Defend the right to use cash
You don’t often go by your bricksand- mortar bank branch these days, what with the electronic wonders of direct deposit and the fact that most of your purchases are made on a credit card.
But sometimes you want some cash on hand, for emergencies, or for whatever you want — it’s your money. So you fire up the ATM outside the bank with your debit card and punch in your PIN and the amount you want. The machine dutifully delivers the greenbacks.
And then immediately thereafter, if your withdrawal was $200 or more, writes a snitch note to the federal government noting that you have had the audacity to ask for some folding money.
Say what? That’s the plan for you and your resources as backed by the U.S. Department of the Treasury, if so far just in select counties along the American-Mexican border. If Treasury gets its way, every time you take out $200 or more from a bank in one of 30 ZIP Codes in border counties in California and Texas, or engage in certain other cash transactions, that will trigger a Currency Transaction Report to the feds.
This is a really, really low threshold for such blatant interference in Americans’ personal financial affairs. And it’s yet another intrusive result of a Day 1 executive order signed by President Donald Trump that designated “certain international cartels” as “foreign terrorist organizations,” a classification that according to the State Department “play[s] a critical role in our fight against terrorism and [is] an effective means of curtailing support for terrorist activities and pressuring groups to get out of the terrorism business,” according to reporting by Reason magazine.

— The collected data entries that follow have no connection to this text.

(* Let $G$ be a finite group of order greater than $1$ and let $q$ be the smallest prime divisor of $|G|$. If ${\rm mf}_{pp}(G)<q$, then $G$ is cyclic.
   Context: All groups are finite. For a group $G$ and a positive integer $n$ dividing $|G|$, let $F_n(G)=\{g\in G\mid g^n=1\}$. By Frobenius' theorem $|F_n(G)|=f_n\cdot n$ for a positive integer $f_n$, called the Frobenius quotient of $G$ for $n$. ${\rm exp}(G)$ denotes the exponent of $G$. A prime-power divisor of ${\rm exp}(G)$ is a positive divisor $n$ of ${\rm exp}(G)$ of the form $n=p^k$ with $p$ prime and $k\geq 0$ (so $n=1$ is included). $\mathcal{F}_{pp}(G)=\{f_n\mid n \text{ is a prime-power divisor of } {\rm exp}(G)\}$ and ${\rm mf}_{pp}(G)$ is the maximum element of $\mathcal{F}_{pp}(G)$. *)

theory Defs
  imports "HOL-Algebra.Algebra" "HOL-Computational_Algebra.Primes"
begin

definition group_exp :: "('a, 'b) monoid_scheme \<Rightarrow> nat" where
  "group_exp G = Lcm (group.ord G ` carrier G)"

definition sol_set :: "('a, 'b) monoid_scheme \<Rightarrow> nat \<Rightarrow> 'a set" where
  "sol_set G n = {g \<in> carrier G. g [^]\<^bsub>G\<^esub> n = \<one>\<^bsub>G\<^esub>}"

text \<open>Frobenius quotient f_n = |F_n(G)| / n (an integer when n divides |G|).\<close>
definition frob_quot :: "('a, 'b) monoid_scheme \<Rightarrow> nat \<Rightarrow> nat" where
  "frob_quot G n = card (sol_set G n) div n"
(* Let $Y=\langle X,\beta^*\rangle=\sum_{j=1}^pX_j\beta^*_j$ where $X\in\mathbb{Z}^p$ and $\beta^*\in\mathbb{R}^p$ with $\beta^*_j\in\mathcal{S}=\{a_1,\dots,a_{\mathcal{R}}\}$ for every $j$, where $\mathcal{S}$ is rationally independent. Let $t=(t_0,t_1,\dots,t_{\mathcal{R}})$ be an integer relation for the vector $(Y,a_1,\dots,a_{\mathcal{R}})$. Then $t\in H$, where $$H=\{k(-1,\theta_1^*,\dots,\theta^*_{\mathcal{R}}):k\in\mathbb{Z}\setminus\{0\}\},\qquad \theta^*_i=\sum_{j:\beta^*_j=a_i}X_j.$$
   Context: A finite set of reals is rationally independent if the only rational linear combination of its elements equal to $0$ is the trivial one. An integer relation for $b\in\mathbb{R}^k$ is a nonzero $m\in\mathbb{Z}^k$ with $\langle b,m\rangle=0$. *)

theory Defs
  imports Complex_Main
begin

definition rationally_independent :: "real set \<Rightarrow> bool" where
  "rationally_independent A \<longleftrightarrow> finite A \<and>
     (\<forall>c :: real \<Rightarrow> rat. (\<Sum>x\<in>A. real_of_rat (c x) * x) = 0 \<longrightarrow> (\<forall>x\<in>A. c x = 0))"

definition integer_relation :: "nat \<Rightarrow> (nat \<Rightarrow> real) \<Rightarrow> (nat \<Rightarrow> int) \<Rightarrow> bool" where
  "integer_relation n b m \<longleftrightarrow> (\<exists>i<n. m i \<noteq> 0) \<and> (\<Sum>i<n. b i * of_int (m i)) = 0"

end

theory Submission
  imports Defs
begin

(* Grouping the terms of Y by the value of the coefficients gives
   Y = theta_1 a_1 + ... + theta_R a_R with integers theta_i, so an integer relation t
   yields the vanishing integer combination sum_i (t_0 theta_i + t_i) a_i. Rational
   independence forces t_i = -t_0 theta_i for all i, and t_0 is nonzero because t is. *)

lemma sum_mult_group_by_value:
  fixes x :: "'j \<Rightarrow> 'a::semiring_0"
  assumes "finite J" "finite I" "inj_on a I" "\<beta> ` J \<subseteq> a ` I"
  shows "(\<Sum>j\<in>J. x j * \<beta> j) = (\<Sum>i\<in>I. (\<Sum>j\<in>{j\<in>J. \<beta> j = a i}. x j) * a i)"
proof -
  have "(\<Sum>j\<in>J. x j * \<beta> j) = (\<Sum>y\<in>\<beta> ` J. \<Sum>j\<in>{j\<in>J. \<beta> j = y}. x j * \<beta> j)"
    using \<open>finite J\<close> by (rule sum.image_gen)
  also have "\<dots> = (\<Sum>y\<in>\<beta> ` J. (\<Sum>j\<in>{j\<in>J. \<beta> j = y}. x j) * y)"
    by (simp add: sum_distrib_right)
  also have "\<dots> = (\<Sum>y\<in>a ` I. (\<Sum>j\<in>{j\<in>J. \<beta> j = y}. x j) * y)"
  proof (rule sum.mono_neutral_left)
    show "\<forall>y\<in>a ` I - \<beta> ` J. (\<Sum>j\<in>{j\<in>J. \<beta> j = y}. x j) * y = 0"
    proof
      fix y assume "y \<in> a ` I - \<beta> ` J"
      then have "{j\<in>J. \<beta> j = y} = {}" by force
      then show "(\<Sum>j\<in>{j\<in>J. \<beta> j = y}. x j) * y = 0"
        by (simp only: sum.empty mult_zero_left)
    qed
  qed (use assms in auto)
  also have "\<dots> = (\<Sum>i\<in>I. (\<Sum>j\<in>{j\<in>J. \<beta> j = a i}. x j) * a i)"
    using \<open>inj_on a I\<close> by (simp add: sum.reindex)
  finally show ?thesis .
qed

lemma rationally_independent_coeffs_eq_0:
  assumes "rationally_independent (a ` I)" "inj_on a I"
    and "(\<Sum>i\<in>I. real_of_rat (c i) * a i) = 0" "i \<in> I"
  shows "c i = 0"
proof -
  define c' where "c' = c \<circ> the_inv_into I a"
  have c'_a: "c' (a k) = c k" if "k \<in> I" for k
    using the_inv_into_f_f[OF \<open>inj_on a I\<close> that] by (simp add: c'_def)
  have "(\<Sum>y\<in>a ` I. real_of_rat (c' y) * y) = (\<Sum>k\<in>I. real_of_rat (c k) * a k)"
    using \<open>inj_on a I\<close> by (simp add: sum.reindex c'_a)
  with assms(1,3) have "\<forall>y\<in>a ` I. c' y = 0"
    unfolding rationally_independent_def by simp
  with \<open>i \<in> I\<close> c'_a show ?thesis by auto
qed

lemma sum_lessThan_add1_split_0:
  fixes n :: nat
  shows "(\<Sum>i<n + 1. f i) = f 0 + (\<Sum>i=1..n. f i)"
proof -
  have "{..<n + 1} = insert 0 {1..n}" by (auto simp: less_Suc_eq_le)
  then show ?thesis by simp
qed

lemma integer_relation_of_independent_combination:
  fixes \<theta> t :: "nat \<Rightarrow> int"
  assumes "inj_on a {1..R}" "rationally_independent (a ` {1..R})"
    and "integer_relation (R + 1)
           (\<lambda>i. if i = 0 then (\<Sum>k=1..R. of_int (\<theta> k) * a k) else a i) t"
  shows "t 0 \<noteq> 0" "\<forall>i\<in>{1..R}. t i = - t 0 * \<theta> i"
proof -
  let ?Y = "\<Sum>k=1..R. of_int (\<theta> k) * a k"
  have nonzero: "\<exists>i<R+1. t i \<noteq> 0"
    and rel: "(\<Sum>i<R+1. (if i = 0 then ?Y else a i) * of_int (t i)) = 0"
    using assms(3) unfolding integer_relation_def by auto
  have "(\<Sum>i=1..R. (if i = 0 then ?Y else a i) * of_int (t i)) = (\<Sum>i=1..R. a i * of_int (t i))"
    by (rule sum.cong) auto
  then have "(\<Sum>i<R+1. (if i = 0 then ?Y else a i) * of_int (t i))
      = of_int (t 0) * ?Y + (\<Sum>i=1..R. a i * of_int (t i))"
    unfolding sum_lessThan_add1_split_0 by (simp add: mult.commute)
  also have "\<dots> = (\<Sum>i=1..R. of_int (t 0) * (of_int (\<theta> i) * a i) + a i * of_int (t i))"
    by (simp add: sum.distrib sum_distrib_left)
  also have "\<dots> = (\<Sum>i=1..R. real_of_rat (of_int (t 0 * \<theta> i + t i)) * a i)"
    by (rule sum.cong) (simp_all add: of_rat_add of_rat_mult algebra_simps)
  finally have combination: "(\<Sum>i=1..R. real_of_rat (of_int (t 0 * \<theta> i + t i)) * a i) = 0"
    using rel by simp
  have "t 0 * \<theta> i + t i = 0" if "i \<in> {1..R}" for i
    using rationally_independent_coeffs_eq_0[OF assms(2,1) combination that]
    by (simp only: of_int_eq_0_iff)
  then show coeffs: "\<forall>i\<in>{1..R}. t i = - t 0 * \<theta> i"
    by (simp add: eq_neg_iff_add_eq_0 add.commute)
  show "t 0 \<noteq> 0"
  proof
    assume "t 0 = 0"
    with coeffs have "t i = 0" if "i < R + 1" for i
      using that by (cases "i = 0") auto
    with nonzero show False by blast
  qed
qed

theorem lemma3:
  fixes p R :: nat and X :: "nat \<Rightarrow> int" and \<beta> a :: "nat \<Rightarrow> real" and t :: "nat \<Rightarrow> int"
  assumes inj: "inj_on a {1..R}"
    and indep: "rationally_independent (a ` {1..R})"
    and beta: "\<forall>j\<in>{1..p}. \<beta> j \<in> a ` {1..R}"
    and rel: "integer_relation (R + 1)
                (\<lambda>i. if i = 0 then (\<Sum>j=1..p. of_int (X j) * \<beta> j) else a i) t"
  shows "\<exists>k::int. k \<noteq> 0 \<and> t 0 = - k \<and>
           (\<forall>i\<in>{1..R}. t i = k * (\<Sum>j\<in>{j\<in>{1..p}. \<beta> j = a i}. X j))"
proof -
  define \<theta> where "\<theta> i = (\<Sum>j\<in>{j\<in>{1..p}. \<beta> j = a i}. X j)" for i
  have Y_eq: "(\<Sum>j=1..p. of_int (X j) * \<beta> j) = (\<Sum>i=1..R. of_int (\<theta> i) * a i)"
    using sum_mult_group_by_value[of "{1..p}" "{1..R}" a \<beta> "\<lambda>j. real_of_int (X j)"] inj beta
    by (auto simp: \<theta>_def)
  from integer_relation_of_independent_combination[OF inj indep rel[unfolded Y_eq]]
  have "- t 0 \<noteq> 0" "\<forall>i\<in>{1..R}. t i = - t 0 * \<theta> i" by simp_all
  then show ?thesis unfolding \<theta>_def by (intro exI[of _ "- t 0"]) simp
qed

end
(* Let $(X,M,* )$ be a G-complete fuzzy metric space and let $(\hat{C}_0(X),\Theta_{\mathcal{M}},* )$ be the associated Hausdorff fuzzy metric space on the collection $\hat{C}_0(X)$ of nonempty compact subsets of $X$. Let $T:X\to\hat{C}_0(X)$ be a multi-valued (1)-Kannan contraction, i.e. there is a constant $c\in(0,1)$ such that for all $x,y\in X$ and all $t>0$, \[ \min\{\mathcal{M}(x,Tx,t),\mathcal{M}(y,Ty,t)\}>1-t \;\Longrightarrow\; \Theta_{\mathcal{M}}(Tx,Ty,ct)>1-ct. \] Then $T$ has a fixed point, i.e. there exists $z\in X$ with $z\in Tz$.
   Context: A continuous $t$-norm is a binary operation $*:[0,1]\times[0,1]\to[0,1]$ that is associative, commutative, continuous, satisfies $a*1=a$ for all $a\in[0,1]$, and is monotone: $a*b\le c*d$ whenever $a\le c$ and $b\le d$. A fuzzy metric space (in the sense of George–Veeramani) is a triple $(X,M,* )$ where $X$ is a nonempty set, $*$ is a continuous $t$-norm and $M:X\times X\times(0,\infty)\to[0,1]$ satisfies, for all $x,y,z\in X$ and $t,s>0$: (F1) $M(x,y,t)>0$; (F2) $M(x,y,t)=1$ for all $t>0$ iff $x=y$; (F3) $M(x,y,t)=M(y,x,t)$; (F4) $M(x,z,t+s)\ge M(x,y,t)*M(y,z,s)$; (F5) $M(x,y,\cdot):(0,\infty)\to[0,1]$ is continuous. A sequence $(x_n)$ in $X$ converges to $x\in X$ if $\lim_{n\to\infty}M(x_n,x,t)=1$ for all $t>0$; it is a G-Cauchy sequence if $\lim_{n\to\infty}M(x_n,x_{n+q},t)=1$ for all $t>0$ and all $q\in\mathbb{N}$; $(X,M,* )$ is G-complete if every G-Cauchy sequence converges. Compactness in $X$ refers to the topology induced by $M$ (open balls $B(x,r,t)=\{y: M(x,y,t)>1-r\}$). For a nonempty $A\subseteq X$, $\rho\in X$ and $t>0$, $\mathcal{M}(\rho,A,t)=\mathcal{M}(A,\rho,t)=\sup\{M(\rho,\mu,t):\mu\in A\}$. For $A,B\in\hat{C}_0(X)$ and $t>0$, $\Theta_{\mathcal{M}}(A,B,t)=\min\{\inf_{\rho\in A}\mathcal{M}(\rho,B,t),\ \inf_{\mu\in B}\mathcal{M}(A,\mu,t)\}$; the triple $(\hat{C}_0(X),\Theta_{\mathcal{M}},* )$ is called the Hausdorff fuzzy metric space. *)

theory Defs
  imports "HOL-Analysis.Analysis"
begin

definition cont_tnorm :: "(real \<Rightarrow> real \<Rightarrow> real) \<Rightarrow> bool" where
  "cont_tnorm tn \<longleftrightarrow>
     (\<forall>a\<in>{0..1}. \<forall>b\<in>{0..1}. tn a b \<in> {0..1}) \<and>
     (\<forall>a\<in>{0..1}. \<forall>b\<in>{0..1}. \<forall>c\<in>{0..1}. tn (tn a b) c = tn a (tn b c)) \<and>
     (\<forall>a\<in>{0..1}. \<forall>b\<in>{0..1}. tn a b = tn b a) \<and>
     continuous_on ({0..1} \<times> {0..1}) (\<lambda>(a,b). tn a b) \<and>
     (\<forall>a\<in>{0..1}. tn a 1 = a) \<and>
     (\<forall>a\<in>{0..1}. \<forall>b\<in>{0..1}. \<forall>c\<in>{0..1}. \<forall>d\<in>{0..1}.
        a \<le> c \<longrightarrow> b \<le> d \<longrightarrow> tn a b \<le> tn c d)"

definition fuzzy_metric_space :: "('a \<Rightarrow> 'a \<Rightarrow> real \<Rightarrow> real) \<Rightarrow> (real \<Rightarrow> real \<Rightarrow> real) \<Rightarrow> bool" where
  "fuzzy_metric_space M tn \<longleftrightarrow> cont_tnorm tn \<and>
     (\<forall>x y t. t > 0 \<longrightarrow> M x y t \<in> {0..1}) \<and>
     (\<forall>x y t. t > 0 \<longrightarrow> M x y t > 0) \<and>
     (\<forall>x y. (\<forall>t>0. M x y t = 1) \<longleftrightarrow> x = y) \<and>
     (\<forall>x y t. t > 0 \<longrightarrow> M x y t = M y x t) \<and>
     (\<forall>x y z t s. t > 0 \<longrightarrow> s > 0 \<longrightarrow> M x z (t + s) \<ge> tn (M x y t) (M y z s)) \<and>
     (\<forall>x y. continuous_on {0<..} (M x y))"

definition fuzzy_converges :: "('a \<Rightarrow> 'a \<Rightarrow> real \<Rightarrow> real) \<Rightarrow> (nat \<Rightarrow> 'a) \<Rightarrow> 'a \<Rightarrow> bool" where
  "fuzzy_converges M xs x \<longleftrightarrow> (\<forall>t>0. (\<lambda>n. M (xs n) x t) \<longlonglongrightarrow> 1)"

definition G_Cauchy :: "('a \<Rightarrow> 'a \<Rightarrow> real \<Rightarrow> real) \<Rightarrow> (nat \<Rightarrow> 'a) \<Rightarrow> bool" where
  "G_Cauchy M xs \<longleftrightarrow> (\<forall>t>0. \<forall>q::nat. (\<lambda>n. M (xs n) (xs (n + q)) t) \<longlonglongrightarrow> 1)"

definition G_complete :: "('a \<Rightarrow> 'a \<Rightarrow> real \<Rightarrow> real) \<Rightarrow> bool" where
  "G_complete M \<longleftrightarrow> (\<forall>xs. G_Cauchy M xs \<longrightarrow> (\<exists>x. fuzzy_converges M xs x))"

definition fuzzy_ball :: "('a \<Rightarrow> 'a \<Rightarrow> real \<Rightarrow> real) \<Rightarrow> 'a \<Rightarrow> real \<Rightarrow> real \<Rightarrow> 'a set" where
  "fuzzy_ball M x r t = {y. M x y t > 1 - r}"

definition fuzzy_topology :: "('a \<Rightarrow> 'a \<Rightarrow> real \<Rightarrow> real) \<Rightarrow> 'a topology" where
  "fuzzy_topology M = topology (\<lambda>U. \<forall>x\<in>U. \<exists>r t. 0 < r \<and> r < 1 \<and> 0 < t \<and> fuzzy_ball M x r t \<subseteq> U)"

definition Msup :: "('a \<Rightarrow> 'a \<Rightarrow> real \<Rightarrow> real) \<Rightarrow> 'a \<Rightarrow> 'a set \<Rightarrow> real \<Rightarrow> real" where
  "Msup M x A t = (SUP y\<in>A. M x y t)"

definition Theta :: "('a \<Rightarrow> 'a \<Rightarrow> real \<Rightarrow> real) \<Rightarrow> 'a set \<Rightarrow> 'a set \<Rightarrow> real \<Rightarrow> real" where
  "Theta M A B t = min (INF x\<in>A. Msup M x B t) (INF y\<in>B. Msup M y A t)"

definition C0 :: "('a \<Rightarrow> 'a \<Rightarrow> real \<Rightarrow> real) \<Rightarrow> 'a set set" where
  "C0 M = {A. A \<noteq> {} \<and> compactin (fuzzy_topology M) A}"

end

(*
  Say that x is t-near a set A when sup {M(x,a,t) | a \<in> A} > 1 - t.  The contraction turns
  "x is t-near Tx and y \<in> Tx" into "y is c max(s,t)-near Ty" whenever y is s-near Ty; since every
  point is 1-near every nonempty set, iterating this lowers the level of y to c t.  Hence there is
  an orbit x(n+1) \<in> T x(n) with M(x(n), x(n+1), c^n) > 1 - c^n, which is G-Cauchy and so converges
  to some z.  Passing the contraction to the limit along the orbit shows that z is t-near Tz for
  every t > 0.  The induced topology is Hausdorff, so the compact set Tz is closed and contains z.
*)

theory Submission
  imports Defs
begin

lemma max_contraction_iterate:
  fixes Q :: "real \<Rightarrow> bool" and c t s0 :: real
  assumes c: "0 < c" "c < 1" and "0 < t" "Q s0" "c * t \<le> s0"
    and step: "\<And>s. Q s \<Longrightarrow> 0 < s \<Longrightarrow> Q (c * max s t)"
  shows "Q (c * t)"
proof -
  have ct: "0 < c * t" "c * t \<le> t" using assms by auto
  have iterate: "Q (max (c ^ k * s0) (c * t))" for k
  proof (induction k)
    case 0
    then show ?case using \<open>Q s0\<close> \<open>c * t \<le> s0\<close> by simp
  next
    case (Suc k)
    have "c * max (max (c ^ k * s0) (c * t)) t = max (c ^ Suc k * s0) (c * t)"
      using ct c by (simp add: max_mult_distrib_left max.assoc max_absorb2)
    then show ?case using step[OF Suc] ct by (metis less_max_iff_disj)
  qed
  obtain k where "c ^ k < c * t / s0"
    using real_arch_pow_inv[of "c * t / s0" c] ct \<open>c * t \<le> s0\<close> c by auto
  then have "c ^ k * s0 \<le> c * t"
    using ct \<open>c * t \<le> s0\<close> by (simp add: field_simps)
  then show ?thesis using iterate[of k] by (simp add: max_absorb2)
qed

On Tuesday, a federal court in San Diego put a temporary halt to the financial surveillance rule, at least for California’s San Diego and Imperial counties, after a group of local businesses teamed up with the Institute for Justice to sue the Financial Crimes Enforcement Network (FinCEN) over its extreme new regulations.
The regulations themselves aren’t new. Treasury’s hoped-for edict in its desire to go after drug traffickers is rather an extreme revision to the longstanding reporting requirement throughout the country on cash transactions over $10,000. When a CTR is triggered, banks and other institutions need to record a Social Security or tax ID number for the person getting the cash.
Truthfully, an easy argument can be made that even that amount is way too low. The federal government began requiring reporting of cash transactions of $10,000 or more back in 1952. By that logic, with inflation, the number should be $180,000 today.
The cash-based businesses that sued and achieved this temporary stay include firms that provide check cashing, money transfers and money order services for working class customers, many of whom do not have bank accounts.